Knowledge Layer¶

How AuditAI's RAG knowledge base works — 2,450 chunks of vulnerability knowledge embedded in ChromaDB.

Overview¶

The knowledge layer provides context-aware retrieval of vulnerability patterns, audit reports, and security documentation. It uses ChromaDB as a vector store with all-MiniLM-L6-v2 embeddings, falling back to keyword search if the embedding model is unavailable.

Data Sources¶

1. Vulnerability Reference Docs (303 files)¶

Located in data/knowledge/reference/ (or data/knowledge/reference/). Contains vulnerability patterns organized by language and category:

data/knowledge/reference/
├── solidity/
│   ├── fv-sol-1-reentrancy/
│   ├── fv-sol-2-access-control/
│   └── ...

2. Top-Level Knowledge Files¶

Located in data/knowledge/:

File	Type	Purpose
`finding-format.md`	`finding_format`	Report template from forefy/.context
`solidity-checks.md`	`solidity_checks`	Solidity audit checklist
`multi-expert.md`	`multi_expert`	Multi-expert analysis framework

3. Solodit Audit Reports (477 files)¶

Located in data/solodit/. Real-world audit reports indexed for RAG retrieval.

Chunking Strategy¶

Documents are split by markdown headings (##, ###, ####), with a maximum chunk size of 1,500 characters. Long sections are further split by paragraphs.

MAX_CHUNK_CHARS = 1500
MIN_CHUNK_CHARS = 80

This granularity is similar to the approach described in the SmartLLM paper §4.2.

Embedding Model¶

Model: all-MiniLM-L6-v2 from sentence-transformers

384-dimensional embeddings
Fast inference, good semantic similarity
Downloads from HuggingFace (uses HF_ENDPOINT mirror for China)

from sentence_transformers import SentenceTransformer
model = SentenceTransformer("all-MiniLM-L6-v2")

ChromaDB Storage¶

Chunks are stored in a persistent ChromaDB collection:

persist_dir = "data/knowledge/chromadb"
client = chromadb.PersistentClient(path=persist_dir)
collection = client.get_or_create_collection(
    name="smart_contract_security",
    metadata={"hnsw:space": "cosine"},
)

Cosine similarity for vector search
Incremental indexing — only missing documents are indexed on subsequent runs
Batch size: 128 chunks per batch

Query Flow¶

results = await knowledge.query(query_text, top_k=5)

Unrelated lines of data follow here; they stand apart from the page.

lemma mult_triv_scaleR:
  assumes g: "mult_triv A g" and v: "TA A v"
  shows "ceq (g (real j *\<^sub>R v)) (\<lambda>k. g v k ^ j)"
proof (induction j)
  case 0
  then show ?case
    using mult_triv_zero[OF g] by (simp add: cone_def cemb_def)
next
  case (Suc j)
  have "ceq (g (v + real j *\<^sub>R v)) (cmul (g v) (g (real j *\<^sub>R v)))"
    using g v TA_scaleR[OF v] by (simp add: mult_triv_def)
  moreover have "ceq (cmul (g v) (g (real j *\<^sub>R v))) (cmul (g v) (\<lambda>k. g v k ^ j))"
    by (rule ceq_cmul[OF ceq_refl Suc])
  ultimately show ?case
    by (simp add: cmul_def algebra_simps ceq_trans)
qed

lemma mult_triv_principal_root:
  assumes g: "mult_triv (A :: 'c::comm_ring_1 itself) (g :: real ^ 'n \<Rightarrow> (int ^ 'n, 'c) compl)"
    and v: "TA A v" and m: "real M *\<^sub>R v = ivec m"
  shows "principal_root M (delta (- m)) (g v)"
proof -
  have "ceq (g (0 + ivec m)) (cmul (cemb (delta (- m))) (g 0))"
    using g TA_zero unfolding mult_triv_def by blast
  also have "ceq \<dots> (cmul (cemb (delta (- m))) cone)"
    by (rule ceq_cmul[OF ceq_refl mult_triv_zero[OF g]])
  finally have "ceq (\<lambda>k. g v k ^ M) (cemb (delta (- m)))"
    using mult_triv_scaleR[OF g v, of M] m
    by (auto simp: cmul_def cone_def cemb_def intro: ceq_trans ceq_sym)
  moreover have "g v k - 1 \<in> Jpow 1" if "k > 0" for k
  proof -
    have "inI (cdiff (g v) cone)"
      using g v by (simp add: mult_triv_def)
    from inI_imp_Jpow_1[OF this that] show ?thesis
      by (simp add: cdiff_def cone_def cemb_def)
  qed
  ultimately show ?thesis
    by (simp add: principal_root_def ceq_def cemb_def)
qed

lemma mult_triv_if_principal_roots:
  fixes g :: "real ^ 'n \<Rightarrow> (int ^ 'n, 'c::comm_ring_1) compl"
  assumes stalk: "\<And>v. TA A v \<Longrightarrow> cvalid (g v) \<and> cunit (g v) \<and> inI (cdiff (g v) cone)"
    and root: "\<And>v M m. TA A v \<Longrightarrow> M > 0 \<Longrightarrow> real M *\<^sub>R v = ivec m
      \<Longrightarrow> principal_root M (delta (- m)) (g v)"
  shows "mult_triv A g"
  unfolding mult_triv_def
proof (intro conjI allI impI)
  fix v :: "real ^ 'n"
  assume "TA A v"
  then show "cvalid (g v)" "cunit (g v)" "inI (cdiff (g v) cone)"
    using stalk by simp_all
next
  fix v :: "real ^ 'n" and l
  assume v: "TA A v"
  let ?N = "tord v" and ?m = "ord_point v"
  have Nv: "real ?N *\<^sub>R v = ivec ?m" "?N > 0" "unitA (of_nat ?N :: 'c)"
    using TA_D[OF v] by simp_all
  then have Nvl: "real ?N *\<^sub>R (v + ivec l) = ivec (?m + of_nat ?N * l)"
    by (simp add: scaleR_add_right additive.add[OF additive_ivec] ivec_of_nat_mult)
  have "principal_root ?N (delta (- l) ^ ?N * delta (- ?m)) (cmul (cemb (delta (- l))) (g v))"
    using principal_root_cmul[OF principal_root_delta root[OF v Nv(2,1)]] .
  moreover have "delta (- l) ^ ?N * delta (- ?m) = (delta (- (?m + of_nat ?N * l)) :: (int ^ 'n, 'c) grpring)"
    by (simp add: delta_power delta_mult algebra_simps)
  ultimately show "g (v + ivec l) \<approx> cmul (cemb (delta (- l))) (g v)"
    using principal_root_unique[OF Nv(3) root[OF TA_intro[OF Nv(2) Nvl Nv(3)] Nv(2) Nvl]] by simp
next
  fix v w :: "real ^ 'n"
  assume v: "TA A v" and w: "TA A w"
  let ?M = "tord v * tord w" and ?m = "of_nat (tord w) * ord_point v + of_nat (tord v) * ord_point w"
  have M: "?M > 0" "unitA (of_nat ?M :: 'c)"
    using TA_D[OF v] TA_D[OF w] unitA_mult by simp_all
  have "real ?M *\<^sub>R v = real (tord w) *\<^sub>R (real (tord v) *\<^sub>R v)"
    by (simp add: mult.commute)
  then have Mv: "real ?M *\<^sub>R v = ivec (of_nat (tord w) * ord_point v)"
    using TA_D(3)[OF v] by (simp add: ivec_of_nat_mult)
  have "real ?M *\<^sub>R w = real (tord v) *\<^sub>R (real (tord w) *\<^sub>R w)"
    by simp
  then have Mw: "real ?M *\<^sub>R w = ivec (of_nat (tord v) * ord_point w)"
    using TA_D(3)[OF w] by (simp add: ivec_of_nat_mult)
  then have Mvw: "real ?M *\<^sub>R (v + w) = ivec ?m"
    using Mv by (simp add: scaleR_add_right additive.add[OF additive_ivec])
  have "principal_root ?M (delta (- (of_nat (tord w) * ord_point v)) * delta (- (of_nat (tord v) * ord_point w)))
      (cmul (g v) (g w))"
    using principal_root_cmul[OF root[OF v M(1) Mv] root[OF w M(1) Mw]] .
  then show "g (v + w) \<approx> cmul (g v) (g w)"
    using principal_root_unique[OF M(2) root[OF TA_intro[OF M(1) Mvw M(2)] M(1) Mvw]]
    by (simp add: delta_mult)
qed

definition can_triv :: "'c::comm_ring_1 itself \<Rightarrow> real ^ 'n \<Rightarrow> (int ^ 'n, 'c) compl" where
  "can_triv A v = delta_root (tord v) (ord_point v)"

lemma principal_root_can_triv:
  fixes A :: "'c::comm_ring_1 itself" and v :: "real ^ 'n"
  assumes v: "TA A v" and M: "M > 0" "real M *\<^sub>R v = ivec m"
  shows "principal_root M (delta (- m)) (can_triv A v)"
proof -
  obtain q where q: "M = tord v * q"
    using tord(3)[OF M(1)] M(2) by (auto simp: inL_def)
  have "ivec (of_nat q * ord_point v) = ivec m"
    using TA_D(3)[OF v, symmetric] M(2) q by (simp add: ivec_of_nat_mult mult.commute)
  then have "delta (- ord_point v) ^ q = (delta (- m) :: (int ^ 'n, 'c) grpring)"
    by (auto simp: delta_power dest: ivec_inj)
  moreover have "principal_root (tord v) (delta (- ord_point v)) (can_triv A v)"
    using delta_root(1)[OF TA_D(2,1)[OF v]] by (simp add: can_triv_def)
  then have "principal_root M (delta (- ord_point v) ^ q) (can_triv A v)"
    unfolding q by (rule principal_root_power)
  ultimately show ?thesis
    by simp
qed

lemma mult_triv_can_triv: "mult_triv A (can_triv A :: real ^ 'n \<Rightarrow> (int ^ 'n, 'c::comm_ring_1) compl)"
  by (rule mult_triv_if_principal_roots)
    (use delta_root(2-4)[OF TA_D(2,1)] principal_root_can_triv in \<open>auto simp: can_triv_def\<close>)

lemma mult_triv_unique:
  fixes g g' :: "real ^ 'n \<Rightarrow> (int ^ 'n, 'c::comm_ring_1) compl"
  assumes "mult_triv A g" "mult_triv A g'" "TA A v"
  shows "ceq (g v) (g' v)"
  using principal_root_unique[OF TA_D(2)[OF assms(3)]]
    mult_triv_principal_root[OF _ assms(3) TA_D(3)[OF assms(3)]] assms(1,2) by blast

lemma mult_triv_phiR:
  fixes g :: "real ^ 'n \<Rightarrow> (int ^ 'n, 'c::comm_ring_1) compl"
    and g' :: "real ^ 'm \<Rightarrow> (int ^ 'm, 'c) compl"
  assumes f: "Modules.additive f" and g: "mult_triv A g" and g': "mult_triv A g'" and v: "TA A v"
  shows "ceq (g' (phiV f v)) (phiR f (g v))"
proof -
  let ?N = "tord v"
  have Nv: "real ?N *\<^sub>R phiV f v = ivec (f (ord_point v))"
    using TA_D(3)[OF v] by (simp add: phiV_scaleR[symmetric] phiV_ivec[OF f])
  have "principal_root ?N (phiA f (delta (- ord_point v))) (phiR f (g v))"
    by (rule principal_root_phiR[OF f mult_triv_principal_root[OF g v TA_D(3)[OF v]]])
  moreover have "principal_root ?N (delta (- f (ord_point v))) (g' (phiV f v))"
    by (rule mult_triv_principal_root[OF g' TA_intro[OF TA_D(1)[OF v] Nv TA_D(2)[OF v]] Nv])
  ultimately show ?thesis
    using principal_root_unique[OF TA_D(2)[OF v]] by (simp add: additive.minus[OF f])
qed

lemma mult_triv_mult_of_nat:
  fixes g :: "real ^ 'n \<Rightarrow> (int ^ 'n, 'c::comm_ring_1) compl"
  assumes g: "mult_triv A g" and N: "N > 0" "unitA (of_nat N :: 'c)" and v: "real N *\<^sub>R v = ivec l"
  shows "ceq (phiR (\<lambda>x. of_nat N * x) (g v)) (cemb (delta (- l)))"
proof -
  have f: "Modules.additive (\<lambda>x :: int ^ 'n. of_nat N * x)"
    by standard (simp add: distrib_left)
  have "phiA (\<lambda>x. of_nat N * x) (delta (- l)) = (delta (- l) ^ N :: (int ^ 'n, 'c) grpring)"
    by (simp add: delta_power)
  with principal_root_phiR[OF f mult_triv_principal_root[OF g TA_intro[OF N(1) v N(2)] v]]
  have "principal_root N (delta (- l) ^ N) (phiR (\<lambda>x. of_nat N * x) (g v))"
    by simp
  then show ?thesis
    by (rule principal_root_unique[OF N(2) _ principal_root_delta])
qed

theorem mainTheorem8:
  fixes A :: "'a::comm_ring_1 itself"
  shows
    \<comment> \<open>existence and uniqueness of the multiplicative trivialization over T^(A)\<close>
    "(\<exists>g :: real ^ 'n \<Rightarrow> (int ^ 'n, 'a) compl. mult_triv A g) \<and>
     (\<forall>(g :: real ^ 'n \<Rightarrow> (int ^ 'n, 'a) compl) g'. mult_triv A g \<longrightarrow> mult_triv A g' \<longrightarrow>
        (\<forall>v. TA A v \<longrightarrow> g v \<approx> g' v)) \<and>
     \<comment> \<open>compatibility with isogenies of degree invertible in A\<close>
     (\<forall>(f :: int ^ 'n \<Rightarrow> int ^ 'm) (g :: real ^ 'n \<Rightarrow> (int ^ 'n, 'a) compl)
        (g' :: real ^ 'm \<Rightarrow> (int ^ 'm, 'a) compl).
        isogeny f \<longrightarrow> unitA (of_nat (isog_deg f) :: 'a) \<longrightarrow>
        mult_triv A g \<longrightarrow> mult_triv A g' \<longrightarrow>
        (\<forall>v. TA A v \<longrightarrow> g' (phiV f v) \<approx> phiR f (g v))) \<and>
     \<comment> \<open>description via [N]: [N]_Log(1_t) = [N]_Log(\<one>) in the stalk at 0, evaluated at N v\<close>
     (\<forall>(g :: real ^ 'n \<Rightarrow> (int ^ 'n, 'a) compl) (N :: nat) v l.
        mult_triv A g \<longrightarrow> N > 0 \<longrightarrow> unitA (of_nat N :: 'a) \<longrightarrow> real N *\<^sub>R v = ivec l \<longrightarrow>
        phiR (\<lambda>x. of_nat N * x) (g v) \<approx> cemb (delta (- l)))"
proof (intro conjI allI impI)
  show "\<exists>g :: real ^ 'n \<Rightarrow> (int ^ 'n, 'a) compl. mult_triv A g"
    using mult_triv_can_triv by blast
next
  fix f :: "int ^ 'n \<Rightarrow> int ^ 'm" and v :: "real ^ 'n"
    and g :: "real ^ 'n \<Rightarrow> (int ^ 'n, 'a) compl" and g' :: "real ^ 'm \<Rightarrow> (int ^ 'm, 'a) compl"
  \<comment> \<open>only additivity of the isogeny is needed, not its injectivity or degree\<close>
  assume "isogeny f" "mult_triv A g" "mult_triv A g'" "TA A v"
  then show "g' (phiV f v) \<approx> phiR f (g v)"
    by (intro mult_triv_phiR) (auto simp: isogeny_def Modules.additive_def)
qed (simp_all add: mult_triv_unique mult_triv_mult_of_nat)

end
lemma
  fixes w z :: "nat \<Rightarrow> 'a::real_inner" and y :: "nat \<Rightarrow> nat" and N k n :: nat and \<alpha> :: real
  assumes labels: "\<forall>i\<in>{1..N}. y i \<in> {1..k}"
    and class_size: "\<forall>c\<in>{1..k}. card {i\<in>{1..N}. y i = c} = n"
    and N: "N = k * n"
    and unit_w: "\<forall>j\<in>{1..k}. norm (w j) = 1" and unit_z: "\<forall>i\<in>{1..N}. norm (z i) = 1"
    and \<alpha>: "real k < 2 * \<alpha>"
  defines "S \<equiv> \<Sum>j\<in>{1..k}. w j"
  shows balanced_inner_sum_ge: "- (N * \<alpha>) \<le> (\<Sum>i\<in>{1..N}. (S - \<alpha> *\<^sub>R w (y i)) \<bullet> z i)"
    and balanced_inner_sum_eq_imp:
      "(\<Sum>i\<in>{1..N}. (S - \<alpha> *\<^sub>R w (y i)) \<bullet> z i) = - (N * \<alpha>) \<Longrightarrow> 1 \<le> n
        \<Longrightarrow> S = 0 \<and> (\<forall>i\<in>{1..N}. z i = w (y i))"
proof -
  define r where "r c = norm (S - \<alpha> *\<^sub>R w c)" for c
  define gap where "gap = (2 * \<alpha> - k) * (S \<bullet> S) / (2 * \<alpha>)"
  have "0 < \<alpha>"
    using \<alpha> by linarith
  have gap: "0 \<le> gap"
    using \<alpha> by (simp add: gap_def)
  have cauchy_schwarz: "- r (y i) \<le> (S - \<alpha> *\<^sub>R w (y i)) \<bullet> z i" if "i \<in> {1..N}" for i
    using Cauchy_Schwarz_ineq2[of "S - \<alpha> *\<^sub>R w (y i)" "z i"] unit_z that by (auto simp: r_def)
  have upper: "- (N * \<alpha>) + n * gap \<le> (\<Sum>i\<in>{1..N}. - r (y i))"
    using balanced_sum_norm_diff_scaleR_le[OF labels class_size N unit_w \<open>0 < \<alpha>\<close>]
    by (simp add: r_def gap_def S_def sum_negf)
  also have lower: "\<dots> \<le> (\<Sum>i\<in>{1..N}. (S - \<alpha> *\<^sub>R w (y i)) \<bullet> z i)"
    by (intro sum_mono cauchy_schwarz)
  finally have bound: "- (N * \<alpha>) + n * gap \<le> (\<Sum>i\<in>{1..N}. (S - \<alpha> *\<^sub>R w (y i)) \<bullet> z i)" .
  moreover have "0 \<le> n * gap"
    using gap by simp
  ultimately show "- (N * \<alpha>) \<le> (\<Sum>i\<in>{1..N}. (S - \<alpha> *\<^sub>R w (y i)) \<bullet> z i)"
    by linarith
  assume eq: "(\<Sum>i\<in>{1..N}. (S - \<alpha> *\<^sub>R w (y i)) \<bullet> z i) = - (N * \<alpha>)" and "1 \<le> n"
  have "n * gap \<le> 0"
    using bound eq by linarith
  with gap \<open>1 \<le> n\<close> have "gap = 0"
    by (simp add: mult_le_0_iff)
  then have "S = 0"
    using \<alpha> \<open>0 < \<alpha>\<close> by (simp add: gap_def)
  have "n * gap = 0"
    using \<open>gap = 0\<close> by simp
  with upper lower eq have tight: "(\<Sum>i\<in>{1..N}. - r (y i)) = (\<Sum>i\<in>{1..N}. (S - \<alpha> *\<^sub>R w (y i)) \<bullet> z i)"
    by linarith
  have "z i = w (y i)" if i: "i \<in> {1..N}" for i
  proof -
    have "- r (y i) = (S - \<alpha> *\<^sub>R w (y i)) \<bullet> z i"
      using sum_mono_inv[OF tight cauchy_schwarz i] by simp
    then have "w (y i) \<bullet> z i = 1"
      using \<open>S = 0\<close> \<open>0 < \<alpha>\<close> unit_w labels i by (auto simp: r_def)
    then show ?thesis
      using norm_cauchy_schwarz_eq[of "w (y i)" "z i"] unit_w unit_z labels i by auto
  qed
  with \<open>S = 0\<close> show "S = 0 \<and> (\<forall>i\<in>{1..N}. z i = w (y i))"
    by blast
qed

section \<open>Simplex equiangular tight frames\<close>

lemma inner_eq_neg_inverse_if_sum_zero:
  fixes w :: "nat \<Rightarrow> 'a::real_inner"
  assumes "(\<Sum>j\<in>{1..k}. w j) = 0" "a \<in> {1..k}" "norm (w a) = 1"
    and "\<forall>j\<in>{1..k} - {a}. w j \<bullet> w a = \<gamma>"
  shows "\<gamma> = - 1 / (real k - 1)"
proof -
  have "(real k - 1) * \<gamma> = (\<Sum>j\<in>{1..k} - {a}. w j \<bullet> w a)"
    using assms(2,4) by (simp add: of_nat_diff)
  also have "\<dots> = ((\<Sum>j\<in>{1..k}. w j) - w a) \<bullet> w a"
    using assms(2) by (simp add: sum_diff1 inner_diff_left inner_sum_left)
  also have "\<dots> = -1"
    using assms(1,3) by (simp add: norm_eq_1)
  finally show ?thesis
    by (cases "real k - 1 = 0") (simp_all add: field_simps)
qed

definition simplex_etf :: "nat \<Rightarrow> (nat \<Rightarrow> 'a::real_inner) \<Rightarrow> bool" where
  "simplex_etf k w \<longleftrightarrow> (\<forall>j\<in>{1..k}. norm (w j) = 1) \<and>
     (\<forall>i\<in>{1..k}. \<forall>j\<in>{1..k}. i \<noteq> j \<longrightarrow> w i \<bullet> w j = - 1 / (real k - 1))"

lemma simplex_coefficients:
  fixes P A B C :: real
  assumes P: "1 \<le> P" and A: "A = sqrt ((P + 1) / P)" and B: "B = (1 / sqrt P - A) / P"
    and C: "C = - 1 / sqrt P"
  shows "2 * A * B + P * B * B = - 1 / P" and "A * A + (2 * A * B + P * B * B) = 1"
    and "C * (A + P * B) = - 1 / P" and "C * C * P = 1"
proof -
  have A2: "A * A = (P + 1) / P" and AB: "A + P * B = 1 / sqrt P"
    using P by (simp_all add: A B)
  have "P * (2 * A * B + P * B * B) = (A + P * B) * (A + P * B) - A * A"
    by (simp add: algebra_simps)
  also have "\<dots> = -1"
    unfolding AB A2 using P by (simp add: real_sqrt_mult_self field_simps flip: times_divide_eq_left)
  finally show cross: "2 * A * B + P * B * B = - 1 / P"
    using P by (simp add: field_simps)
  show "A * A + (2 * A * B + P * B * B) = 1"
    unfolding A2 cross using P by (simp add: field_simps)
  show "C * (A + P * B) = - 1 / P"
    unfolding AB C using P by (simp add: real_sqrt_mult_self flip: times_divide_eq_left)
  show "C * C * P = 1"
    using P by (simp add: C)
qed
text \<open>Diagonal dominance of the form obtained by substituting \<open>x4 = s * y4\<close>.\<close>

lemma qform5_nonneg_of_diag_dominant:
  assumes s: "0 < s"
    and "\<bar>m01\<bar> + \<bar>m02\<bar> + \<bar>m03\<bar> + s*\<bar>m04\<bar> \<le> m00"
    and "\<bar>m01\<bar> + \<bar>m12\<bar> + \<bar>m13\<bar> + s*\<bar>m14\<bar> \<le> m11"
    and "\<bar>m02\<bar> + \<bar>m12\<bar> + \<bar>m23\<bar> + s*\<bar>m24\<bar> \<le> m22"
    and "\<bar>m03\<bar> + \<bar>m13\<bar> + \<bar>m23\<bar> + s*\<bar>m34\<bar> \<le> m33"
    and "\<bar>m04\<bar> + \<bar>m14\<bar> + \<bar>m24\<bar> + \<bar>m34\<bar> \<le> s*m44"
  shows "0 \<le> qform5 m00 m11 m22 m33 m44 m01 m02 m03 m04 m12 m13 m14 m23 m24 m34 x0 x1 x2 x3 x4"
proof -
  have "(\<bar>m04\<bar> + \<bar>m14\<bar> + \<bar>m24\<bar> + \<bar>m34\<bar>) / s \<le> m44"
    using assms(6) s by (simp add: divide_le_eq mult.commute)
  then have row4: "(\<bar>m04\<bar> + \<bar>m14\<bar> + \<bar>m24\<bar> + \<bar>m34\<bar>) / s * x4^2 \<le> m44 * x4^2"
    by (rule mult_right_mono) simp
  have rows: "(\<bar>m01\<bar> + \<bar>m02\<bar> + \<bar>m03\<bar> + s*\<bar>m04\<bar>) * x0^2 \<le> m00 * x0^2"
    "(\<bar>m01\<bar> + \<bar>m12\<bar> + \<bar>m13\<bar> + s*\<bar>m14\<bar>) * x1^2 \<le> m11 * x1^2"
    "(\<bar>m02\<bar> + \<bar>m12\<bar> + \<bar>m23\<bar> + s*\<bar>m24\<bar>) * x2^2 \<le> m22 * x2^2"
    "(\<bar>m03\<bar> + \<bar>m13\<bar> + \<bar>m23\<bar> + s*\<bar>m34\<bar>) * x3^2 \<le> m33 * x3^2"
    using assms(2-5) by (simp_all add: mult_right_mono)
  have cross: "- (\<bar>m\<bar> * (x^2 + y^2)) \<le> 2*m*x*y" for m x y :: real
    using abs_two_mult_le[of m x y] by linarith
  have cross_weighted: "- (\<bar>m\<bar> * (s*x^2 + y^2/s)) \<le> 2*m*x*y" for m x y :: real
    using abs_two_mult_le_weighted[OF s, of m x y] by linarith
  show ?thesis
    using rows row4 cross[of m01 x0 x1] cross[of m02 x0 x2] cross[of m03 x0 x3]
      cross[of m12 x1 x2] cross[of m13 x1 x3] cross[of m23 x2 x3]
      cross_weighted[of m04 x0 x4] cross_weighted[of m14 x1 x4]
      cross_weighted[of m24 x2 x4] cross_weighted[of m34 x3 x4]
    unfolding qform5_def by (simp add: algebra_simps add_divide_distrib)
qed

Encode query with all-MiniLM-L6-v2
Search ChromaDB for top-k similar chunks
Return results with content, metadata, and score

Vector Search (default)¶

results = collection.query(
    query_embeddings=[embedding],
    n_results=top_k,
    where={"type": filter_type} if filter_type else None,
)

Keyword Fallback¶

If ChromaDB or the embedding model is unavailable, falls back to keyword matching:

query_words = set(query_text.lower().split())
for doc in documents:
    hits = sum(1 for w in query_words if w in doc["content"].lower())
    results.append({"score": hits / len(query_words)})

Adding Documents at Runtime¶

await knowledge.add_document({
    "id": "custom-1",
    "content": "Reentrancy occurs when...",
    "metadata": {"type": "vulnerability_reference", "language": "solidity"},
})

The document is immediately embedded and added to ChromaDB.

Configuration¶

In config/settings.yaml:

knowledge:
  vector_store: "chromadb"
  embedding_model: "all-MiniLM-L6-v2"
  collection_name: "smart_contract_security"
  chunk_size: 1000
  chunk_overlap: 200